Exercise aim
Which lines below fall between the one containing "S \<le> deg" and the one containing "unfolding S_def by auto"? Repeat them exactly, counting both of those lines, and add nothing else.

(Stored data entries)
-------------------------
lemma excess_sum_components:
  assumes "graph E inc" "C \<subseteq> E"
  shows "excess inc C = (\<Sum>X\<in>components E inc. excess inc (C \<inter> X))"
proof -
  have "C \<subseteq> \<Union> (components E inc)"
    using assms Union_components by blast
  then show ?thesis
    using excess_partition[OF assms(1) finite_components[OF assms(1)]]
      components_subset verts_components_disjoint by metis
qed
subsection \<open>Cycles and trees\<close>

definition minimal_nonneg_excess :: "('e \<Rightarrow> 'v set) \<Rightarrow> 'e set \<Rightarrow> bool" where
  "minimal_nonneg_excess inc Z \<longleftrightarrow> Z \<noteq> {} \<and> excess inc Z \<ge> 0 \<and>
     (\<forall>W. W \<subseteq> Z \<longrightarrow> W \<noteq> {} \<longrightarrow> excess inc W \<ge> 0 \<longrightarrow> W = Z)"

lemma minimal_nonneg_excessD:
  assumes "minimal_nonneg_excess inc Z"
  shows "Z \<noteq> {}" "excess inc Z \<ge> 0"
    and "W \<subseteq> Z \<Longrightarrow> W \<noteq> {} \<Longrightarrow> excess inc W \<ge> 0 \<Longrightarrow> W = Z"
  using assms unfolding minimal_nonneg_excess_def by blast+

lemma ex_minimal_nonneg_excess:
  assumes "finite Y" "Y \<noteq> {}" "excess inc Y \<ge> 0"
  shows "\<exists>Z\<subseteq>Y. minimal_nonneg_excess inc Z"
proof -
  let ?P = "\<lambda>Z. Z \<subseteq> Y \<and> Z \<noteq> {} \<and> excess inc Z \<ge> 0"
  obtain Z where Z: "?P Z" and least: "\<And>W. ?P W \<Longrightarrow> card Z \<le> card W"
    using ex_has_least_nat[of ?P Y card] assms by blast
  have "W = Z" if "W \<subseteq> Z" "W \<noteq> {}" "excess inc W \<ge> 0" for W
    using card_seteq[OF finite_subset[OF _ assms(1)] that(1)] least[of W] Z that by blast
  with Z show ?thesis
    unfolding minimal_nonneg_excess_def by blast
qed

lemma excess_minimal_eq_0:
  assumes g: "graph Z inc" and min: "minimal_nonneg_excess inc Z"
  shows "excess inc Z = 0"
proof (rule ccontr)
  assume "excess inc Z \<noteq> 0"
  then have pos: "excess inc Z \<ge> 1"
    using minimal_nonneg_excessD(2)[OF min] by linarith
  obtain e where e: "e \<in> Z"
    using minimal_nonneg_excessD(1)[OF min] by blast
  have "excess inc {e} = 1 - int (card (inc e))"
    by (simp add: excess_def)
  then have "Z \<noteq> {e}"
    using pos graph_edge(4)[OF g e] by auto
  moreover have "excess inc (Z - {e}) \<ge> 0"
    using excess_Diff_singleton_ge[OF g e] pos by linarith
  ultimately have "Z - {e} = Z"
    using minimal_nonneg_excessD(3)[OF min, of "Z - {e}"] by blast
  then show False
    using e by blast
qed

lemma deg_minimal_ge_2:
  assumes g: "graph Z inc" and min: "minimal_nonneg_excess inc Z" and v: "v \<in> verts inc Z"
  shows "deg inc Z v \<ge> 2"
proof (rule ccontr)
  assume low: "\<not> deg inc Z v \<ge> 2"
  define S where "S = {e\<in>Z. v \<in> inc e}"
  have "finite S"
    using graph_finite[OF g] unfolding S_def by simp
  moreover have "S \<noteq> {}"
    using v unfolding S_def verts_def by blast
  ultimately have "card S > 0"
    by (simp add: card_gt_0_iff)
  moreover have "card S \<le> deg inc Z v"
    unfolding deg_def S_def[symmetric] card_eq_sum by (rule sum_mono) auto
  ultimately have "card S = 1"
    using low by linarith
  then obtain e where S_eq: "S = {e}"
    by (rule card_1_singletonE)
  then have e: "e \<in> Z" "v \<in> inc e"
    unfolding S_def by auto
  have "deg inc Z v = (if card (inc e) = 1 then 2 else 1)"
    unfolding deg_def S_def[symmetric] S_eq by simp
  then have "card (inc e) \<noteq> 1"
    using low by auto
  then have two: "card (inc e) = 2"
    using g e(1) unfolding graph_def by blast
  have "excess inc Z \<le> excess inc (Z - {e})"
    using excess_Diff_pendant_edge[OF g S_eq[unfolded S_def]] .
  moreover have "Z - {e} \<noteq> {}"
  proof
    assume "Z - {e} = {}"
    then have "Z = {e}"
      using e(1) by blast
    then show False
      using excess_minimal_eq_0[OF g min] two by (simp add: excess_def)
  qed
  ultimately have "Z - {e} = Z"
    using minimal_nonneg_excessD(3)[OF min, of "Z - {e}"] excess_minimal_eq_0[OF g min] by simp
  then show False
    using e(1) by blast
qed

lemma connected_minimal:
  assumes g: "graph Z inc" and min: "minimal_nonneg_excess inc Z"
  shows "connected_edges inc Z"
proof -
  let ?P = "components Z inc"
  have "?P \<noteq> {}"
    using minimal_nonneg_excessD(1)[OF min] graph_edge(2)[OF g]
    unfolding components_def verts_def by blast
  moreover have "(\<Sum>X\<in>?P. excess inc X) = 0"
    using excess_sum_components[OF g subset_refl] excess_minimal_eq_0[OF g min]
      components_subset[of _ Z inc] by (simp add: Int_absorb1)
  ultimately obtain X where X: "X \<in> ?P" "excess inc X \<ge> 0"
    using sum_strict_mono[OF finite_components[OF g], of "excess inc" "\<lambda>_. 0"]
    by (metis linorder_not_le sum.neutral_const order_less_irrefl)
  then have "X = Z"
    using minimal_nonneg_excessD(3)[OF min components_subset components_nonempty] by blast
  then show ?thesis
    using connected_components[OF X(1)] by simp
qed

lemma is_cycle_minimal:
  assumes g: "graph Z inc" and min: "minimal_nonneg_excess inc Z"
  shows "is_cycle inc Z"
proof -
  have sum_eq: "(\<Sum>v\<in>verts inc Z. 2) = (\<Sum>v\<in>verts inc Z. deg inc Z v)"
    using sum_deg_eq_twice_card[OF g] excess_minimal_eq_0[OF g min] by (simp add: excess_def)
  have "2 = deg inc Z v" if "v \<in> verts inc Z" for v
    by (rule sum_mono_inv[OF sum_eq deg_minimal_ge_2[OF g min] that finite_verts[OF g]])
  then show ?thesis
    unfolding is_cycle_def using connected_minimal[OF g min] by simp
qed

lemma exists_cycle_if_excess_nonneg:
  assumes g: "graph Y inc" and "Y \<noteq> {}" "excess inc Y \<ge> 0"
  shows "\<exists>Z\<subseteq>Y. is_cycle inc Z"
  using ex_minimal_nonneg_excess[OF graph_finite[OF g] assms(2,3)]
    is_cycle_minimal graph_subset[OF g] by blast

lemma is_tree_iff_excess_neg:
  assumes g: "graph X inc" and conn: "connected_edges inc X"
  shows "is_tree inc X \<longleftrightarrow> excess inc X < 0"
proof
  assume "is_tree inc X"
  then show "excess inc X < 0"
    using exists_cycle_if_excess_nonneg[OF g] conn
    unfolding is_tree_def connected_edges_def by force
next
  assume neg: "excess inc X < 0"
  have "excess inc Y \<le> excess inc X" "excess inc Y = 0" if "Y \<subseteq> X" "is_cycle inc Y" for Y
    using excess_le_connected[OF g conn that(1)] excess_cycle[OF graph_subset[OF g that(1)] that(2)]
      that(2) unfolding is_cycle_def connected_edges_def by blast+
  with neg conn show "is_tree inc X"
    unfolding is_tree_def by fastforce
qed

lemma excess_connected_ge:
  assumes g: "graph X inc" and conn: "connected_edges inc X"
  shows "excess inc X \<ge> -1"
proof -
  obtain e where e: "e \<in> X"
    using conn unfolding connected_edges_def by blast
  have "excess inc {e} \<le> excess inc X"
    using excess_le_connected[OF g conn] e by blast
  then show ?thesis
    using graph_edge(3)[OF g e] by (simp add: excess_def)
qed
subsection \<open>Circuits of the \<open>k\<close>-circular matroid\<close>

lemma kc_family_iff: "C \<in> kc_family k E inc \<longleftrightarrow> C \<subseteq> E \<and> C \<noteq> {} \<and> excess inc C = int k"
  unfolding kc_family_def excess_def by auto

lemma ex_kc_circuit_iff:
  assumes "finite E"
  shows "(\<exists>C. kc_circuit k E inc C) \<longleftrightarrow> (\<exists>C\<subseteq>E. C \<noteq> {} \<and> excess inc C = int k)"
proof
  assume "\<exists>C. kc_circuit k E inc C"
  then show "\<exists>C\<subseteq>E. C \<noteq> {} \<and> excess inc C = int k"
    unfolding kc_circuit_def kc_family_iff by blast
next
  assume "\<exists>C\<subseteq>E. C \<noteq> {} \<and> excess inc C = int k"
  then obtain C0 where "C0 \<in> kc_family k E inc"
    unfolding kc_family_iff by blast
  then obtain C where C: "C \<in> kc_family k E inc"
    and least: "\<And>D. D \<in> kc_family k E inc \<Longrightarrow> card C \<le> card D"
    using ex_has_least_nat[of "\<lambda>C. C \<in> kc_family k E inc" C0 card] by blast
  have "finite C"
    using C assms finite_subset unfolding kc_family_def by blast
  then have "kc_circuit k E inc C"
    unfolding kc_circuit_def using C least card_seteq by blast
  then show "\<exists>C. kc_circuit k E inc C"
    by blast
qed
-------------------------
Solution for this exercise
  moreover have "card S \<le> deg inc Z v"
    unfolding deg_def S_def[symmetric] card_eq_sum by (rule sum_mono) auto
  ultimately have "card S = 1"
    using low by linarith
  then obtain e where S_eq: "S = {e}"
    by (rule card_1_singletonE)
  then have e: "e \<in> Z" "v \<in> inc e"
    unfolding S_def by auto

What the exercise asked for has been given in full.